(ENTRIES SHOWN begins)

(* Let $(X,\phi)$ be a dynamical system with $X$ locally compact metrizable and $\phi$ a homeomorphism, let $\mathcal A = C_0(X)\times_\phi \mathbb Z_+$ be its semicrossed product, and let $(X_\gamma)_{\gamma\le\gamma_0}$ be the transfinite sequence of sets of iterated non-wandering points defined below. For each ordinal $\gamma\le\gamma_0$ let $$\mathcal I_\gamma = \{A\in\mathcal A : E_0(A)=0,\ E_n(A)(x)=0 \text{ for all } x\in X_\gamma \text{ and all integers } n\ge 1\}.$$ If $\gamma\le\gamma_0$ is a limit ordinal, then $\mathcal I_\gamma = \overline{\bigcup_{\beta<\gamma}\mathcal I_\beta}$ (closure in the norm of $\mathcal A$).
   Context: Semicrossed product: let $X$ be a locally compact metrizable space and $\phi:X\to X$ a homeomorphism; set $\alpha_n(f)=f\circ\phi^n$ for $f\in C_0(X)$, $n\in\mathbb Z_+$. On $\ell^1(\mathbb Z_+,C_0(X))$, whose elements are written as formal series $\sum_{n\ge0}U^nf_n$ with norm $\sum_n\|f_n\|_\infty$, define multiplication by $U^nf\,U^mg=U^{n+m}(\alpha_m(f)g)$ extended by linearity and continuity. Fix a faithful nondegenerate representation of $C_0(X)$ on a Hilbert space $\mathcal H_0$ and represent $\ell^1(\mathbb Z_+,C_0(X))$ on $\mathcal H_0\otimes\ell^2(\mathbb Z_+)$ by $\pi(U^nf)(\xi\otimes e_k)=\alpha_k(f)\xi\otimes e_{k+n}$. The semicrossed product $\mathcal A=C_0(X)\times_\phi\mathbb Z_+$ is the operator-norm closure of the image (independent of the choice of $\mathcal H_0$ up to isometric isomorphism). The Fourier coefficient maps $E_n(\sum_m U^mf_m)=f_n$ are contractive in the operator norm and extend to contractions $E_n:\mathcal A\to C_0(X)$; an element $A\in\mathcal A$ is $0$ iff $E_n(A)=0$ for all $n$. Iterated non-wandering sets: a set $Y\subseteq X$ is wandering if $\phi^m(Y)\cap\phi^n(Y)=\emptyset$ for all $m\ne n$ in $\mathbb Z_+$; a point is wandering if it has an open wandering neighbourhood, otherwise non-wandering. Let $X_1$ be the set of non-wandering points of $(X,\phi)$ and $\phi_1=\phi|_{X_1}$. Recursively, $X_{\gamma+1}$ is the set of non-wandering points of the system $(X_\gamma,\phi_\gamma)$ and $\phi_{\gamma+1}=\phi|_{X_{\gamma+1}}$; for a limit ordinal $\gamma$, $X_\gamma=\bigcap_{\beta<\gamma}X_\beta$ and $\phi_\gamma=\phi|_{X_\gamma}$. This process stabilizes at some ordinal $\gamma_0$. (Convention: $X_0 = X$.) *)

theory Defs
  imports "HOL-Analysis.Analysis"
begin

definition wandering_set :: "('a \<Rightarrow> 'a) \<Rightarrow> 'a set \<Rightarrow> bool" where
  "wandering_set \<phi> V \<longleftrightarrow>
     (\<forall>m n. m \<noteq> n \<longrightarrow> (\<phi> ^^ m) ` V \<inter> (\<phi> ^^ n) ` V = {})"

definition nonwandering :: "('a::topological_space \<Rightarrow> 'a) \<Rightarrow> 'a set \<Rightarrow> 'a set" where
  "nonwandering \<phi> Y =
     {y \<in> Y. \<not> (\<exists>V. openin (top_of_set Y) V \<and> y \<in> V \<and> wandering_set \<phi> V)}"

text \<open>Ordinal-like notions in a well-order (the index type plays the role of an
  initial segment of the ordinals).\<close>
definition is_succ_of :: "'o::wellorder \<Rightarrow> 'o \<Rightarrow> bool" where
  "is_succ_of i j \<longleftrightarrow> j < i \<and> (\<forall>k. \<not> (j < k \<and> k < i))"

definition is_limit :: "'o::wellorder \<Rightarrow> bool" where
  "is_limit i \<longleftrightarrow> (\<exists>j. j < i) \<and> (\<forall>j<i. \<exists>k. j < k \<and> k < i)"

definition iterated_nonwandering :: "('a::topological_space \<Rightarrow> 'a) \<Rightarrow> ('o::wellorder \<Rightarrow> 'a set) \<Rightarrow> bool" where
  "iterated_nonwandering \<phi> Xs \<longleftrightarrow>
     (\<forall>i. (\<forall>j. \<not> j < i) \<longrightarrow> Xs i = UNIV) \<and>
     (\<forall>i j. is_succ_of i j \<longrightarrow> Xs i = nonwandering \<phi> (Xs j)) \<and>
     (\<forall>i. is_limit i \<longrightarrow> Xs i = (\<Inter>j\<in>{j. j < i}. Xs j))"

definition C0 :: "('a::topological_space \<Rightarrow> complex) set" where
  "C0 = {f. continuous_on UNIV f \<and>
           (\<forall>e>0. \<exists>K. compact K \<and> (\<forall>x. x \<notin> K \<longrightarrow> cmod (f x) < e))}"

text \<open>An element of the semicrossed product is represented by its sequence of Fourier
  coefficients F n = E_n(A). Its operator is computed in the (faithful, nondegenerate)
  representation of C_0(X) on l^2(X) by multiplication; this splits into the orbit
  representations pi_x on l^2(Z_+), whose matrix is\<close>
definition sc_entry :: "('a \<Rightarrow> 'a) \<Rightarrow> (nat \<Rightarrow> 'a \<Rightarrow> complex) \<Rightarrow> 'a \<Rightarrow> nat \<Rightarrow> nat \<Rightarrow> complex" where
  "sc_entry \<phi> F x j k = (if k \<le> j then F (j - k) ((\<phi> ^^ k) x) else 0)"

text \<open>Operator norm (possibly infinite), as supremum over finite sections / finitely
  supported unit vectors, and over all points x.\<close>
definition sc_norm :: "('a \<Rightarrow> 'a) \<Rightarrow> (nat \<Rightarrow> 'a \<Rightarrow> complex) \<Rightarrow> ereal" where
  "sc_norm \<phi> F =
     (SUP x. SUP N. SUP M. SUP v \<in> {v :: nat \<Rightarrow> complex. (\<Sum>k<N. (cmod (v k))\<^sup>2) \<le> 1}.
        ereal (sqrt (\<Sum>j<M. (cmod (\<Sum>k<N. sc_entry \<phi> F x j k * v k))\<^sup>2)))"

definition sc_poly :: "(nat \<Rightarrow> 'a::topological_space \<Rightarrow> complex) \<Rightarrow> bool" where
  "sc_poly P \<longleftrightarrow> finite {n. P n \<noteq> (\<lambda>_. 0)} \<and> (\<forall>n. P n \<in> C0)"

text \<open>The semicrossed product: norm closure of the polynomials sum U^n f_n.\<close>
definition semicrossed :: "('a::topological_space \<Rightarrow> 'a) \<Rightarrow> (nat \<Rightarrow> 'a \<Rightarrow> complex) set" where
  "semicrossed \<phi> =
     {F. \<forall>e>0. \<exists>P. sc_poly P \<and> sc_norm \<phi> (\<lambda>n y. F n y - P n y) < ereal e}"

definition sc_closure :: "('a::topological_space \<Rightarrow> 'a) \<Rightarrow> (nat \<Rightarrow> 'a \<Rightarrow> complex) set \<Rightarrow> (nat \<Rightarrow> 'a \<Rightarrow> complex) set" where
  "sc_closure \<phi> S =
     {F \<in> semicrossed \<phi>. \<forall>e>0. \<exists>G\<in>S. sc_norm \<phi> (\<lambda>n y. F n y - G n y) < ereal e}"

definition sc_ideal :: "('a::topological_space \<Rightarrow> 'a) \<Rightarrow> 'a set \<Rightarrow> (nat \<Rightarrow> 'a \<Rightarrow> complex) set" where
  "sc_ideal \<phi> Y =
     {F \<in> semicrossed \<phi>. F 0 = (\<lambda>_. 0) \<and> (\<forall>n\<ge>1. \<forall>x\<in>Y. F n x = 0)}"

end

theory Submission
  imports Defs
begin

text \<open>The closure of \<open>\<Union>\<^sub>\<beta>\<^sub><\<^sub>\<gamma> I\<^sub>\<beta>\<close> lies in \<open>I\<^sub>\<gamma>\<close> because the Fourier coefficients are
  contractive and \<open>X\<^sub>\<gamma> = \<Inter>\<^sub>\<beta>\<^sub><\<^sub>\<gamma> X\<^sub>\<beta>\<close>. Conversely, every \<open>A\<close> in the semicrossed product is the
  norm limit of its Fejer means \<open>\<sigma>\<^sub>K(A) = \<Sum>\<^sub>n\<^sub>\<le>\<^sub>K (1 - n/(K+1)) U\<^sup>n E\<^sub>n(A)\<close>, because the
  Fejer multipliers are contractive. For \<open>A \<in> I\<^sub>\<gamma>\<close>, pulling each of the \<open>K+1\<close> coefficients of
  \<open>\<sigma>\<^sub>K(A)\<close> radially towards \<open>0\<close> by at most \<open>d\<close> costs at most \<open>(K+1)d\<close> in norm and leaves
  coefficients supported in the compact set \<open>S = {y. \<exists>n\<le>K. d \<le> |E\<^sub>n(A)(y)|}\<close>. Since \<open>S\<close> misses
  \<open>X\<^sub>\<gamma>\<close>, the intersection of the decreasing closed sets \<open>X\<^sub>\<beta>\<close>, compactness makes it miss some
  \<open>X\<^sub>\<beta>\<close> with \<open>\<beta> < \<gamma>\<close>, so the modified element lies in \<open>I\<^sub>\<beta>\<close>.\<close>

lemma weighted_Cauchy_Schwarz_sum:
  fixes w u :: "'i \<Rightarrow> real"
  assumes "\<And>i. i \<in> I \<Longrightarrow> 0 \<le> w i"
  shows "(\<Sum>i\<in>I. w i * u i)\<^sup>2 \<le> (\<Sum>i\<in>I. w i) * (\<Sum>i\<in>I. w i * (u i)\<^sup>2)"
proof -
  have "(\<Sum>i\<in>I. w i * u i) = (\<Sum>i\<in>I. sqrt (w i) * (sqrt (w i) * u i))"
    by (rule sum.cong) (auto simp: assms mult.assoc[symmetric])
  also have "(\<dots>)\<^sup>2 \<le> (\<Sum>i\<in>I. (sqrt (w i))\<^sup>2) * (\<Sum>i\<in>I. (sqrt (w i) * u i)\<^sup>2)"
    by (rule Cauchy_Schwarz_ineq_sum)
  also have "\<dots> = (\<Sum>i\<in>I. w i) * (\<Sum>i\<in>I. w i * (u i)\<^sup>2)"
    using assms by (simp add: power_mult_distrib)
  finally show ?thesis .
qed

section \<open>Norm bounds in the semicrossed product\<close>

definition sc_row ::
    "('a \<Rightarrow> 'a) \<Rightarrow> (nat \<Rightarrow> 'a \<Rightarrow> complex) \<Rightarrow> 'a \<Rightarrow> nat \<Rightarrow> (nat \<Rightarrow> complex) \<Rightarrow> nat \<Rightarrow> complex"
  where "sc_row \<phi> F x N v j = (\<Sum>k<N. sc_entry \<phi> F x j k * v k)"

definition sc_bound :: "('a \<Rightarrow> 'a) \<Rightarrow> (nat \<Rightarrow> 'a \<Rightarrow> complex) \<Rightarrow> real \<Rightarrow> bool" where
  "sc_bound \<phi> F c \<longleftrightarrow> (\<forall>x N M v. (\<Sum>k<N. (cmod (v k))\<^sup>2) \<le> 1 \<longrightarrow>
      sqrt (\<Sum>j<M. (cmod (sc_row \<phi> F x N v j))\<^sup>2) \<le> c)"

lemma sc_norm_le_iff_sc_bound: "sc_norm \<phi> F \<le> ereal c \<longleftrightarrow> sc_bound \<phi> F c"
  unfolding sc_norm_def sc_bound_def sc_row_def by (auto simp: SUP_le_iff)

lemma sc_bound_if_sc_norm_less: "sc_norm \<phi> F < ereal c \<Longrightarrow> sc_bound \<phi> F c"
  using sc_norm_le_iff_sc_bound less_imp_le by blast

lemma sc_bound_nonneg: "sc_bound \<phi> F c \<Longrightarrow> 0 \<le> c"
  unfolding sc_bound_def by (drule spec[of _ undefined], drule spec[of _ 0], drule spec[of _ 0]) simp

lemma sc_bound_coeff:
  assumes "sc_bound \<phi> F c" shows "cmod (F n x) \<le> c"
proof -
  define e0 :: "nat \<Rightarrow> complex" where "e0 k = (if k = 0 then 1 else 0)" for k
  have row: "sc_row \<phi> F x 1 e0 j = F j x" for j
    unfolding sc_row_def e0_def sc_entry_def by simp
  have "(\<Sum>k<1. (cmod (e0 k))\<^sup>2) \<le> 1" by (simp add: e0_def)
  with assms have "sqrt (\<Sum>j<Suc n. (cmod (sc_row \<phi> F x 1 e0 j))\<^sup>2) \<le> c"
    unfolding sc_bound_def by blast
  moreover have "(cmod (F n x))\<^sup>2 \<le> (\<Sum>j<Suc n. (cmod (F j x))\<^sup>2)"
    by (rule member_le_sum) auto
  ultimately show ?thesis
    unfolding row by (metis real_sqrt_abs real_sqrt_le_mono abs_norm_cancel order_trans)
qed

lemma sc_row_scale: "sc_row \<phi> F x N (\<lambda>k. t * v k) j = t * sc_row \<phi> F x N v j"
  unfolding sc_row_def sum_distrib_left by (rule sum.cong) (simp_all add: mult_ac)

lemma sc_bound_homogeneous:
  assumes "sc_bound \<phi> F c"
  shows "(\<Sum>j<M. (cmod (sc_row \<phi> F x N v j))\<^sup>2) \<le> c\<^sup>2 * (\<Sum>k<N. (cmod (v k))\<^sup>2)"
proof -
  define s where "s = (\<Sum>k<N. (cmod (v k))\<^sup>2)"
  show ?thesis
  proof (cases "s = 0")
    case True
    then have "\<forall>k<N. v k = 0"
      unfolding s_def by (subst (asm) sum_nonneg_eq_0_iff) auto
    then have "sc_row \<phi> F x N v j = 0" for j
      unfolding sc_row_def by (auto intro!: sum.neutral)
    then show ?thesis by (simp add: sum_nonneg)
  next
    case False
    then have s: "0 < s" unfolding s_def by (simp add: order_less_le sum_nonneg)
    define t where "t = complex_of_real (1 / sqrt s)"
    have "(\<Sum>k<N. (cmod (t * v k))\<^sup>2) = (\<Sum>k<N. (cmod (v k))\<^sup>2) / s"
      using s by (simp add: t_def norm_divide power_divide sum_divide_distrib)
    then have "sqrt (\<Sum>j<M. (cmod (sc_row \<phi> F x N (\<lambda>k. t * v k) j))\<^sup>2) \<le> c"
      using assms s unfolding sc_bound_def s_def by simp
    moreover have "(\<Sum>j<M. (cmod (sc_row \<phi> F x N (\<lambda>k. t * v k) j))\<^sup>2)
        = (\<Sum>j<M. (cmod (sc_row \<phi> F x N v j))\<^sup>2) / s"
      using s unfolding sc_row_scale
      by (simp add: t_def norm_divide power_divide sum_divide_distrib)
    ultimately have "(\<Sum>j<M. (cmod (sc_row \<phi> F x N v j))\<^sup>2) / s \<le> c\<^sup>2"
      by (metis sqrt_le_D)
    then show ?thesis using s unfolding s_def by (simp add: pos_divide_le_eq mult_ac)
  qed
qed

lemma sc_boundI_homogeneous:
  assumes "0 \<le> c"
    and "\<And>x N M v. (\<Sum>j<M. (cmod (sc_row \<phi> F x N v j))\<^sup>2) \<le> c\<^sup>2 * (\<Sum>k<N. (cmod (v k))\<^sup>2)"
  shows "sc_bound \<phi> F c"
  unfolding sc_bound_def
proof (intro allI impI)
  fix x and N M :: nat and v :: "nat \<Rightarrow> complex"
  assume v: "(\<Sum>k<N. (cmod (v k))\<^sup>2) \<le> 1"
  have "(\<Sum>j<M. (cmod (sc_row \<phi> F x N v j))\<^sup>2) \<le> c\<^sup>2 * (\<Sum>k<N. (cmod (v k))\<^sup>2)"
    by (rule assms(2))
  also have "\<dots> \<le> c\<^sup>2" using v by (simp add: mult_left_le)
  finally have "(\<Sum>j<M. (cmod (sc_row \<phi> F x N v j))\<^sup>2) \<le> c\<^sup>2" .
  then show "sqrt (\<Sum>j<M. (cmod (sc_row \<phi> F x N v j))\<^sup>2) \<le> c"
    using assms(1) by (simp add: real_le_lsqrt)
qed

lemma sc_bound_mono: "sc_bound \<phi> F c \<Longrightarrow> c \<le> c' \<Longrightarrow> sc_bound \<phi> F c'"
  unfolding sc_bound_def by (meson order_trans)

lemma sc_bound_add:
  assumes "sc_bound \<phi> F a" "sc_bound \<phi> G b"
  shows "sc_bound \<phi> (\<lambda>n y. F n y + G n y) (a + b)"
  unfolding sc_bound_def
proof (intro allI impI)
  fix x and N M :: nat and v :: "nat \<Rightarrow> complex" assume v: "(\<Sum>k<N. (cmod (v k))\<^sup>2) \<le> 1"
  let ?r = "\<lambda>F j. cmod (sc_row \<phi> F x N v j)"
  have "sc_row \<phi> (\<lambda>n y. F n y + G n y) x N v j = sc_row \<phi> F x N v j + sc_row \<phi> G x N v j" for j
    unfolding sc_row_def sum.distrib[symmetric]
    by (rule sum.cong) (auto simp: sc_entry_def distrib_right)
  then have "sqrt (\<Sum>j<M. (?r (\<lambda>n y. F n y + G n y) j)\<^sup>2)
      \<le> L2_set (\<lambda>j. ?r F j + ?r G j) {..<M}"
    unfolding L2_set_def[symmetric] by (intro L2_set_mono) (auto intro: norm_triangle_ineq)
  also have "\<dots> \<le> L2_set (?r F) {..<M} + L2_set (?r G) {..<M}"
    by (rule L2_set_triangle_ineq)
  also have "\<dots> \<le> a + b"
    using assms v unfolding sc_bound_def L2_set_def by (intro add_mono) blast+
  finally show "sqrt (\<Sum>j<M. (?r (\<lambda>n y. F n y + G n y) j)\<^sup>2) \<le> a + b" .
qed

(ENTRIES SHOWN ends)

• _PROBLEM_:
Wherever a line holds the word "metis", copy that line out of the entries above.

• _TASK ANSWER_:
    unfolding row by (metis real_sqrt_abs real_sqrt_le_mono abs_norm_cancel order_trans)
      by (metis sqrt_le_D)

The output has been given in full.